§ WHAT TO WORK ON
Extract, from the listing that follows, each line containing the word "assumes".
[Opening DATA FOR THIS EXERCISE section]
text \<open>Index (starting at 1) of the component containing v, components ordered by
  their minimal vertex.\<close>
definition comp_index :: "'v::linorder set \<Rightarrow> ('v \<times> 'v) set \<Rightarrow> 'v \<Rightarrow> nat" where
  "comp_index V H v = card {D \<in> comps V H. Min D < Min (comp_of V H v)} + 1"

definition sigma :: "'v::linorder set \<Rightarrow> ('v \<times> 'v) set \<Rightarrow> ('v \<times> 'v) \<Rightarrow> nat" where
  "sigma V H e = (let s = comp_index V H (fst e); t = comp_index V H (snd e)
                  in if t > s then t + 1 else s)"

text \<open>The sign (-1)^sigma(H, H \<union> {e}).\<close>
definition eps :: "'v::linorder set \<Rightarrow> ('v \<times> 'v) set \<Rightarrow> ('v \<times> 'v) \<Rightarrow> int" where
  "eps V H e = (-1) ^ sigma V H e"

text \<open>C^n: an element of the direct sum of copies of R indexed by multipaths with n
  edges is a function on edge sets supported on those multipaths.\<close>
definition cochains :: "'v set \<Rightarrow> ('v \<times> 'v) set \<Rightarrow> nat \<Rightarrow> (('v \<times> 'v) set \<Rightarrow> 'r::comm_ring_1) set" where
  "cochains V E n = {c. \<forall>H. c H \<noteq> 0 \<longrightarrow> H \<in> multipaths_n V E n}"

definition cochain_grp :: "'v set \<Rightarrow> ('v \<times> 'v) set \<Rightarrow> nat \<Rightarrow> (('v \<times> 'v) set \<Rightarrow> 'r::comm_ring_1) monoid" where
  "cochain_grp V E n = \<lparr>carrier = cochains V E n, monoid.mult = (\<lambda>x y H. x H + y H), monoid.one = (\<lambda>_. 0)\<rparr>"

definition dmap :: "'v::linorder set \<Rightarrow> ('v \<times> 'v) set \<Rightarrow> nat \<Rightarrow>
    (('v \<times> 'v) set \<Rightarrow> 'r::comm_ring_1) \<Rightarrow> (('v \<times> 'v) set \<Rightarrow> 'r)" where
  "dmap V E n c = (\<lambda>H'. if H' \<in> multipaths_n V E (Suc n)
      then (\<Sum>e\<in>H'. of_int (eps V (H' - {e}) e) * c (H' - {e})) else 0)"

definition cocycles :: "'v::linorder set \<Rightarrow> ('v \<times> 'v) set \<Rightarrow> nat \<Rightarrow> (('v \<times> 'v) set \<Rightarrow> 'r::comm_ring_1) set" where
  "cocycles V E n = {c \<in> cochains V E n. dmap V E n c = (\<lambda>_. 0)}"

fun coboundaries :: "'v::linorder set \<Rightarrow> ('v \<times> 'v) set \<Rightarrow> nat \<Rightarrow> (('v \<times> 'v) set \<Rightarrow> 'r::comm_ring_1) set" where
  "coboundaries V E 0 = {\<lambda>_. 0}"
| "coboundaries V E (Suc n) = dmap V E n ` cochains V E n"

definition mp_cohom :: "'v::linorder set \<Rightarrow> ('v \<times> 'v) set \<Rightarrow> nat \<Rightarrow> (('v \<times> 'v) set \<Rightarrow> 'r::comm_ring_1) set monoid" where
  "mp_cohom V E n = ((cochain_grp V E n)\<lparr>carrier := cocycles V E n\<rparr>) Mod (coboundaries V E n)"

text \<open>Canonical gauge (normalised at the empty multipath) comparing the sign
  assignment of G restricted along phi with the sign assignment of G'; computed along
  the chain adding the edges of H' in increasing order.\<close>
definition gauge :: "'v::linorder set \<Rightarrow> 'w::linorder set \<Rightarrow> ('w \<Rightarrow> 'v) \<Rightarrow> ('w \<times> 'w) set \<Rightarrow> int" where
  "gauge V V' \<phi> H' = (let es = sorted_list_of_set H' in
     \<Prod>i<length es. eps V (map_prod \<phi> \<phi> ` set (take i es)) (map_prod \<phi> \<phi> (es ! i))
                   * eps V' (set (take i es)) (es ! i))"

text \<open>Cochain map C(G;R) -> C(G';S) induced by phi : G' -> G and f : R -> S:
  extension of scalars followed by projection onto the summands indexed by images of
  multipaths of G', identified with those of G' (up to the canonical gauge).\<close>
definition pull :: "'v::linorder set \<Rightarrow> 'w::linorder set \<Rightarrow> ('w \<times> 'w) set \<Rightarrow> nat \<Rightarrow>
    ('w \<Rightarrow> 'v) \<Rightarrow> ('r::comm_ring_1 \<Rightarrow> 's::comm_ring_1) \<Rightarrow>
    (('v \<times> 'v) set \<Rightarrow> 'r) \<Rightarrow> (('w \<times> 'w) set \<Rightarrow> 's)" where
  "pull V V' E' n \<phi> f c = (\<lambda>H'. if H' \<in> multipaths_n V' E' n
      then of_int (gauge V V' \<phi> H') * f (c (map_prod \<phi> \<phi> ` H')) else 0)"

definition cohom_map :: "'v::linorder set \<Rightarrow> 'w::linorder set \<Rightarrow> ('w \<times> 'w) set \<Rightarrow> nat \<Rightarrow>
    ('w \<Rightarrow> 'v) \<Rightarrow> ('r::comm_ring_1 \<Rightarrow> 's::comm_ring_1) \<Rightarrow>
    (('v \<times> 'v) set \<Rightarrow> 'r) set \<Rightarrow> (('w \<times> 'w) set \<Rightarrow> 's) set" where
  "cohom_map V V' E' n \<phi> f cl =
     Union ((\<lambda>x. coboundaries V' E' n #>\<^bsub>cochain_grp V' E' n\<^esub> pull V V' E' n \<phi> f x) ` cl)"

end

theory Submission
  imports Defs
begin

text \<open>
  A regular morphism \<phi> : G' \<rightarrow> G identifies the multipaths of G' with the multipaths of G whose
  edges lie in its image, compatibly with the differential up to sign.  The sign conventions of G
  and G' are compared by a gauge: the product, along a maximal chain of submultipaths of H, of the
  ratios of the two signs.  Adding the two edges of a square in either order gives opposite signs in
  both graphs: a multipath is a forest, so each sign is determined by the ranks of the minima of the
  two components being joined, and a case analysis on their order settles the square.  Hence the
  ratios commute around squares, the gauge does not depend on the chain, and pulling back along \<phi>,
  multiplying by the gauge and applying f coefficientwise is a cochain map.  These cochain maps
  compose strictly, so the induced maps on cocycles modulo coboundaries are functorial in both
  arguments.
\<close>

section \<open>Connected components of spanning subgraphs\<close>

abbreviation undirected :: "('v \<times> 'v) set \<Rightarrow> ('v \<times> 'v) set" where
  "undirected H \<equiv> H \<union> H\<inverse>"

lemma undirected_rtrancl_sym:
  "(x, y) \<in> (undirected H)\<^sup>* \<Longrightarrow> (y, x) \<in> (undirected H)\<^sup>*"
  using sym_rtrancl[OF sym_Un_converse, of H] by (rule symD)

lemma undirected_rtrancl_insert:
  "(v, w) \<in> (undirected (insert (a, b) H))\<^sup>* \<longleftrightarrow>
     (v, w) \<in> (undirected H)\<^sup>* \<or>
     (v, a) \<in> (undirected H)\<^sup>* \<and> (b, w) \<in> (undirected H)\<^sup>* \<or>
     (v, b) \<in> (undirected H)\<^sup>* \<and> (a, w) \<in> (undirected H)\<^sup>*"
proof -
  have "undirected (insert (a, b) H) = insert (a, b) (insert (b, a) (undirected H))"
    by auto
  then show ?thesis
    by (auto simp: rtrancl_insert intro: rtrancl_trans)
qed

lemma mem_comp_of: "w \<in> comp_of V H v \<longleftrightarrow> w \<in> V \<and> (v, w) \<in> (undirected H)\<^sup>*"
  by (simp add: comp_of_def)

lemma comp_of_self: "v \<in> V \<Longrightarrow> v \<in> comp_of V H v"
  by (simp add: comp_of_def)

lemma comp_of_subset: "comp_of V H v \<subseteq> V"
  by (auto simp: comp_of_def)

lemma comp_of_eq_iff:
  assumes "v \<in> V" "w \<in> V"
  shows "comp_of V H v = comp_of V H w \<longleftrightarrow> (v, w) \<in> (undirected H)\<^sup>*"
  using assms undirected_rtrancl_sym[of v w H] unfolding comp_of_def
  by (blast intro: rtrancl_trans)

lemma comp_of_insert:
  "comp_of V (insert (a, b) H) v =
     (if (v, a) \<in> (undirected H)\<^sup>* \<or> (v, b) \<in> (undirected H)\<^sup>*
      then comp_of V H a \<union> comp_of V H b else comp_of V H v)"
  unfolding comp_of_def undirected_rtrancl_insert
  by (auto dest: undirected_rtrancl_sym intro: rtrancl_trans)

lemma comps_disjoint:
  assumes "C \<in> comps V H" "D \<in> comps V H" "C \<noteq> D"
  shows "C \<inter> D = {}"
proof (rule ccontr)
  assume "C \<inter> D \<noteq> {}"
  then obtain x where x: "x \<in> C" "x \<in> D"
    by blast
  obtain c d where cd: "c \<in> V" "d \<in> V" "C = comp_of V H c" "D = comp_of V H d"
    using assms(1,2) unfolding comps_def by blast
  then have "(c, x) \<in> (undirected H)\<^sup>*" "(d, x) \<in> (undirected H)\<^sup>*"
    using x by (auto simp: mem_comp_of)
  then have "(c, d) \<in> (undirected H)\<^sup>*"
    by (meson rtrancl_trans undirected_rtrancl_sym)
  then show False
    using assms(3) cd comp_of_eq_iff[of c V d H] by simp
qed

lemma Union_comps: "\<Union>(comps V H) = V"
proof
  show "\<Union>(comps V H) \<subseteq> V"
    unfolding comps_def using comp_of_subset[of V H] by blast
  show "V \<subseteq> \<Union>(comps V H)"
    unfolding comps_def using comp_of_self[of _ V H] by blast
qed

definition merge_min :: "'a::linorder \<Rightarrow> 'a \<Rightarrow> 'a \<Rightarrow> 'a" where
  "merge_min x y t = (if t = x \<or> t = y then min x y else t)"

lemma merge_min_same [simp]: "merge_min x x t = t"
  by (simp add: merge_min_def)

lemma merge_min_image:
  assumes "x \<in> M" "y \<in> M" "x \<noteq> y"
  shows "merge_min x y ` M = M - {max x y}"
  using assms by (auto simp: merge_min_def min_def max_def image_iff)

definition comp_min :: "'v::linorder set \<Rightarrow> ('v \<times> 'v) set \<Rightarrow> 'v \<Rightarrow> 'v" where
  "comp_min V H v = Min (comp_of V H v)"

lemma comp_min_mem:
  assumes "finite V" "v \<in> V"
  shows "comp_min V H v \<in> comp_of V H v"
  unfolding comp_min_def
  using assms comp_of_self[OF assms(2), of H] finite_subset[OF comp_of_subset] by (intro Min_in) auto

lemma comp_min_eq_iff:
  assumes "finite V" "v \<in> V" "w \<in> V"
  shows "comp_min V H v = comp_min V H w \<longleftrightarrow> (v, w) \<in> (undirected H)\<^sup>*"
proof
  assume "comp_min V H v = comp_min V H w"
  then have "(v, comp_min V H v) \<in> (undirected H)\<^sup>*" "(w, comp_min V H v) \<in> (undirected H)\<^sup>*"
    using comp_min_mem[OF assms(1,2), of H] comp_min_mem[OF assms(1,3), of H] by (auto simp: mem_comp_of)
  then show "(v, w) \<in> (undirected H)\<^sup>*"
    by (blast dest: undirected_rtrancl_sym intro: rtrancl_trans)
qed (use assms comp_of_eq_iff[of v V w H] in \<open>simp add: comp_min_def\<close>)

lemma comp_min_insert:
  assumes "finite V" "a \<in> V" "b \<in> V" "v \<in> V"
  shows "comp_min V (insert (a, b) H) v =
    merge_min (comp_min V H a) (comp_min V H b) (comp_min V H v)"
proof -
  have "finite (comp_of V H u)" "comp_of V H u \<noteq> {}" if "u \<in> V" for u
    using assms(1) comp_of_self[OF that, of H] finite_subset[OF comp_of_subset] by auto
  then have "Min (comp_of V H a \<union> comp_of V H b) = min (comp_min V H a) (comp_min V H b)"
    unfolding comp_min_def using assms(2,3) by (simp add: Min_Un)
  then show ?thesis
    using comp_min_eq_iff[OF assms(1,4,2), of H] comp_min_eq_iff[OF assms(1,4,3), of H]
    unfolding merge_min_def comp_min_def[of V "insert (a, b) H"] comp_of_insert
    by (auto simp: comp_min_def)
qed

lemma comp_min_image_insert:
  assumes "finite V" "a \<in> V" "b \<in> V" "(a, b) \<notin> (undirected H)\<^sup>*"
  shows "comp_min V (insert (a, b) H) ` V =
    comp_min V H ` V - {max (comp_min V H a) (comp_min V H b)}"
proof -
  have "comp_min V (insert (a, b) H) ` V = merge_min (comp_min V H a) (comp_min V H b) ` comp_min V H ` V"
    using comp_min_insert[OF assms(1-3)] by (simp add: image_image cong: image_cong)
  then show ?thesis
    using assms comp_min_eq_iff[OF assms(1-3)] by (simp add: merge_min_image)
qed

lemma inj_on_Min_comps:
  assumes "finite V"
  shows "inj_on Min (comps V H)"
proof
  fix C D assume "C \<in> comps V H" "D \<in> comps V H" "Min C = Min D"
  then obtain c d where "c \<in> V" "d \<in> V" "C = comp_of V H c" "D = comp_of V H d"
    "comp_min V H c = comp_min V H d"
    unfolding comps_def comp_min_def by auto
  then show "C = D"
    using assms comp_min_eq_iff comp_of_eq_iff by metis
qed

lemma card_comps:
  fixes V :: "'v::linorder set"
  shows "finite V \<Longrightarrow> card (comps V H) = card (comp_min V H ` V)"
  using card_image[OF inj_on_Min_comps, of V H] by (simp add: comps_def comp_min_def image_image)

lemma card_comps_insert:
  fixes V :: "'v::linorder set"
  assumes "finite V" "a \<in> V" "b \<in> V"
  shows "card (comps V (insert (a, b) H)) + (if (a, b) \<in> (undirected H)\<^sup>* then 0 else 1)
    = card (comps V H)"
proof (cases "(a, b) \<in> (undirected H)\<^sup>*")
  case True
  then have "comp_min V (insert (a, b) H) ` V = comp_min V H ` V"
    using comp_min_insert[OF assms] comp_min_eq_iff[OF assms, of H] by simp
  then show ?thesis using True assms(1) by (simp add: card_comps)
next
  case False
  have max_mem: "max (comp_min V H a) (comp_min V H b) \<in> comp_min V H ` V"
    using assms(2,3) by (simp add: max_def)
  have "card (comp_min V H ` V - {max (comp_min V H a) (comp_min V H b)}) + 1
      = card (comp_min V H ` V)"
    using card_Suc_Diff1[OF finite_imageI[OF assms(1)] max_mem] by (simp only: Suc_eq_plus1)
  then show ?thesis
    using False assms(1) comp_min_image_insert[OF assms False] by (simp add: card_comps)
qed

section \<open>Forests\<close>

(* Acyclicity of the underlying undirected graph, expressed through the Euler characteristic. *)
definition forest :: "'v set \<Rightarrow> ('v \<times> 'v) set \<Rightarrow> bool" where
  "forest V H \<longleftrightarrow> card H + card (comps V H) = card V"

lemma comps_empty: "comps V {} = (\<lambda>v. {v}) ` V"
  unfolding comps_def comp_of_def by auto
[Closing DATA FOR THIS EXERCISE section]
§ EXERCISE RESULT
  assumes "v \<in> V" "w \<in> V"
  assumes "C \<in> comps V H" "D \<in> comps V H" "C \<noteq> D"
  assumes "x \<in> M" "y \<in> M" "x \<noteq> y"
  assumes "finite V" "v \<in> V"
  assumes "finite V" "v \<in> V" "w \<in> V"
  assumes "finite V" "a \<in> V" "b \<in> V" "v \<in> V"
  assumes "finite V" "a \<in> V" "b \<in> V" "(a, b) \<notin> (undirected H)\<^sup>*"
  assumes "finite V"
  assumes "finite V" "a \<in> V" "b \<in> V"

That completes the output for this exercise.